Haggai

The writings of Haggai cover a brief four month period in the year 520BC. Together with Zechariah he prophesies encouragement to the small community of Jews living in Jerusalem at that time. They had returned from captivity in Babylon twenty years earlier and, after initial enthusiasm, have now neglected the task of rebuilding the temple. They have allowed their own concerns and the opposition of others to distract them. Now Haggai is calling them back to this important task. Within three weeks of his first message the work had been restarted; within four years it would be complete

Consider Your Ways

Haggai starts with a challenge for the people to consider their situation and priorities. They have neglected work on the temple being distracted by the preoccupations of their own everyday lives. As a result God’s blessing is not upon them and they are struggling to make ends meet. Haggai is clear about what they must do, “Consider your ways and go…” (1:7-8). They need to reflect on their priorities and take appropriate action. God’s house and his glory must come first and then God’s blessing will be on them.

We experience the same challenge to get our priorities right today.  It is very easy to allow ourselves to get bogged down in our own little lives at the expense of first doing what God wants. Similarly, Jesus challenges us to get our priorities right when he tells us to build up treasures in heaven rather than on the earth (Matthew 6:19-21). Obeying God may involve hard work, as it did in the case of these people, but always has the reward of God’s pleasure and blessing.

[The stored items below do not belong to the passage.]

lemma induced_grading_left_unit:
  assumes units: "homogeneous_local_units G S" and C: "C \<subseteq> carrier G"
    and x: "x \<in> induced_grading S C"
  shows "\<exists>u\<in>ring_prod (induced_grading S C) (induced_grading S (set_inv C)). u * x = x"
proof -
  let ?J = "ring_prod (induced_grading S C) (induced_grading S (set_inv C))"
  obtain F f where F: "finite F" "F \<subseteq> C" "\<forall>g\<in>F. f g \<in> S g" "x = sum f F"
    using x unfolding induced_grading_def by blast
  \<comment> \<open>the common unit is taken in \<open>S \<one>\<close>, so that it acts on each homogeneous component\<close>
  have "\<exists>u\<in>?J \<inter> S \<one>. \<forall>y\<in>f ` F. u * y = y"
  proof (rule common_left_unit)
    show "additive_subgroup (?J \<inter> S \<one>)"
      using C by (intro additive_subgroup_Int additive_subgroup_ring_prod additive_subgroup_induced_grading
          set_inv_subset_carrier additive_subgroup_component) auto
    show "u * v \<in> ?J \<inter> S \<one>" if "u \<in> ?J \<inter> S \<one>" "v \<in> ?J \<inter> S \<one>" for u v
      using that mult_components[of \<one> \<one> u v]
        mult_one_component_induced_grading(2)[OF set_inv_subset_carrier[OF C]]
      by (auto intro: mult_right_mem_ring_prod)
    show "y - u * y \<in> (\<Union>h\<in>C. S h)" if "u \<in> ?J \<inter> S \<one>" "y \<in> (\<Union>h\<in>C. S h)" for u y
      using that C mult_one_component(1)
      by (blast intro: additive_subgroup_diff additive_subgroup_component)
    show "\<exists>u\<in>?J \<inter> S \<one>. u * y = y" if y: "y \<in> (\<Union>h\<in>C. S h)" for y
    proof -
      obtain h where h: "h \<in> C" "y \<in> S h" using y by blast
      then obtain e where e: "e \<in> ring_prod (S h) (S (inv h))" "e * y = y"
        using units C unfolding homogeneous_local_units_def by blast
      have "ring_prod (S h) (S (inv h)) \<subseteq> ?J"
        using h by (intro ring_prod_mono component_subset_induced_grading inv_mem_set_inv)
      then show ?thesis using e h C ring_prod_inv_subset_one by blast
    qed
  qed (use F in auto)
  then obtain u where u: "u \<in> ?J" "\<forall>g\<in>F. u * f g = f g" by blast
  have "u * x = x" using u(2) F(4) by (simp add: sum_distrib_left)
  with u(1) show ?thesis by blast
qed

lemma induced_grading_right_unit:
  assumes units: "homogeneous_local_units G S" and C: "C \<subseteq> carrier G"
    and x: "x \<in> induced_grading S C"
  shows "\<exists>u\<in>ring_prod (induced_grading S (set_inv C)) (induced_grading S C). x * u = x"
proof -
  let ?J = "ring_prod (induced_grading S (set_inv C)) (induced_grading S C)"
  obtain F f where F: "finite F" "F \<subseteq> C" "\<forall>g\<in>F. f g \<in> S g" "x = sum f F"
    using x unfolding induced_grading_def by blast
  have "\<exists>u\<in>?J \<inter> S \<one>. \<forall>y\<in>f ` F. y * u = y"
  proof (rule common_right_unit)
    show "additive_subgroup (?J \<inter> S \<one>)"
      using C by (intro additive_subgroup_Int additive_subgroup_ring_prod additive_subgroup_induced_grading
          additive_subgroup_component) auto
    show "u * v \<in> ?J \<inter> S \<one>" if "u \<in> ?J \<inter> S \<one>" "v \<in> ?J \<inter> S \<one>" for u v
      using that mult_components[of \<one> \<one> u v]
        mult_one_component_induced_grading(1)[OF set_inv_subset_carrier[OF C]]
      by (auto intro: mult_left_mem_ring_prod)
    show "y - y * u \<in> (\<Union>h\<in>C. S h)" if "u \<in> ?J \<inter> S \<one>" "y \<in> (\<Union>h\<in>C. S h)" for u y
      using that C mult_one_component(2)
      by (blast intro: additive_subgroup_diff additive_subgroup_component)
    show "\<exists>u\<in>?J \<inter> S \<one>. y * u = y" if y: "y \<in> (\<Union>h\<in>C. S h)" for y
    proof -
      obtain h where h: "h \<in> C" "y \<in> S h" using y by blast
      then obtain e where e: "e \<in> ring_prod (S (inv h)) (S h)" "y * e = y"
        using units C unfolding homogeneous_local_units_def by blast
      have "ring_prod (S (inv h)) (S h) \<subseteq> ?J"
        using h by (intro ring_prod_mono component_subset_induced_grading inv_mem_set_inv)
      moreover have "ring_prod (S (inv h)) (S h) \<subseteq> S \<one>"
        using h C ring_prod_components[of "inv h" h] by auto
      ultimately show ?thesis using e by blast
    qed
  qed (use F in auto)
  then obtain u where u: "u \<in> ?J" "\<forall>g\<in>F. f g * u = f g" by blast
  have "x * u = x" using u(2) F(4) by (simp add: sum_distrib_right)
  with u(1) show ?thesis by blast
qed

lemma local_units_FactGroup:
  assumes N: "N \<lhd> G" and units: "homogeneous_local_units G S"
  shows "homogeneous_local_units (G Mod N) (induced_grading S)"
  unfolding homogeneous_local_units_def
proof (intro ballI conjI)
  fix C s assume C: "C \<in> carrier (G Mod N)" and s: "s \<in> induced_grading S C"
  have inv: "inv\<^bsub>G Mod N\<^esub> C = set_inv C" using normal.inv_FactGroup[OF N C] .
  have "C \<subseteq> carrier G" using FactGroup_carrier_subset[OF normal_imp_subgroup[OF N] C] .
  then show "\<exists>e\<in>ring_prod (induced_grading S C) (induced_grading S (inv\<^bsub>G Mod N\<^esub> C)). e * s = s"
    and "\<exists>e\<in>ring_prod (induced_grading S (inv\<^bsub>G Mod N\<^esub> C)) (induced_grading S C). s * e = s"
    unfolding inv using induced_grading_left_unit induced_grading_right_unit units s by blast+
qed

end

theorem proposition5p8:
  fixes G :: "('g, 'b) monoid_scheme" and N :: "'g set" and S :: "'g \<Rightarrow> 'a::ring set"
  assumes "group G" and "N \<lhd> G" and "nearly_epsilon_strong G S"
  shows "nearly_epsilon_strong (G Mod N) (induced_grading S)"
proof -
  have "graded_ring G S" using assms(3) by (simp add: nearly_epsilon_strong_def)
  with assms(1) interpret group_grading G S
    by (intro group_grading.intro group_grading_axioms.intro)
  interpret FactGroup: group_grading "G Mod N" "induced_grading S"
    using normal.factorgroup_is_group[OF assms(2)] graded_ring_FactGroup[OF normal_imp_subgroup[OF assms(2)]]
    by (intro group_grading.intro group_grading_axioms.intro)
  show ?thesis
    using FactGroup.nearly_epsilon_strong_if_local_units local_units_FactGroup[OF assms(2)]
      local_units_if_nearly_epsilon_strong[OF assms(3)] by blast
qed

end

God’s Grace in Our Obedience

The people listen and respond positively to God’s words through Haggai. Their confession had been negative saying “the time has not yet come” (1:2) but now they show by their actions that they are lining themselves up with what God says. Their positive response is the trigger for God to bring the encouragement “I am with you” (1:13) and he helps them even further by “stirring up the spirit” of each of them. It is typical of God’s grace that he forgives their previous inactivity so quickly and enables them to do what he asks.

A Greater Glory

Approximately a month passes between the end of chapter one and the beginning of chapter two. God again speaks to encourage them all to apply themselves to the task in hand but this time he widens the context. He refers back to the glory of the now destroyed Solomon’s temple – a temple which had, on occasion, been filled with the glory of God (e.g. 2 Chronicles 7:1-3). And now he prophesies that this apparently inferior temple (in construction terms) that they are currently building will also be filled with God’s glory and proclaims “the latter glory of this house shall be greater than the former” (2:9). In a literal sense this rebuilt temple would be the setting for some of Jesus’ earthly ministry and would, in that sense, experience a ‘greater glory’. Ultimately the temple speaks of the church which was to be filled with glory through the pouring out of the Holy Spirit, first at Pentecost more than 500 years later, and forever thereafter. And through his church this glory will one day fill the whole earth (Habakkuk 2:14) – truly a greater glory.

A Covenant-Keeping God

Solomon’s temple was lost because of the failure of men to keep their covenant with God. But God is not like that; he is the covenant-keeping God. He will do what he said he will do (2:5). The three times repeated command “Be Strong” together with “Work for I am with you” in 2:4 is reminiscent of God’s command in Joshua 1:9 to be strong and courageous, not to be frightened or dismayed, “for the Lord your God is with you wherever you go”. Like those who heard Haggai say it, we too can accept and respond positively to this word knowing that God acts on the basis of his covenant promises and not on the basis of our imperfect obedience.

God’s Wonderful Grace

Haggai’s question and answer session with the priests in chapter 2:10-19 serves to underscore the fact that nothing men and women do of themselves can make them spiritually clean. Whilst impurity is all too easily passed on, holiness is not. The situation appears hopeless – they seem condemned to experience poor returns on whatever they do (2:16-19) except that God unilaterally declares, “From this day on I will bless you” (2:19). God did not have to bless them; he chose to bless them. Paul, writing to the Ephesian church (Ephesians 2:1-10), expresses and expands on this theme wonderfully. “But God is so rich in mercy, and he loved us so much, that even though we were dead because of our sins, he gave us life when he raised Christ from the dead. (It is only by God’s grace that you have been saved!)” (Ephesians 2:4-5, NLT). God’s grace truly is amazing. The promise of God’s peace made in verse 9 would only fully be realised in Christ.

A Coming Kingdom

Haggai concludes with God renewing his covenant promise to David (2 Samuel 7:16) with Zerubbabel who is both a descendant of David and an ancestor of Christ (Matthew 1:6-16). At this significant time in Israel’s history God draws their eyes forward to a time of even greater fulfilment of his purposes. Ultimately God’s kingdom will overthrow and destroy all other kingdoms. Man’s strength, as represented by horses and chariots, will be as nothing compared to God’s heaven-and-earth-shaking strength. Zerubbabel represents Christ who would carry the full authority of God the Father, symbolised here as a signet ring. It is Jesus whose throne will last ‘forever and ever’ (Hebrews 1:8).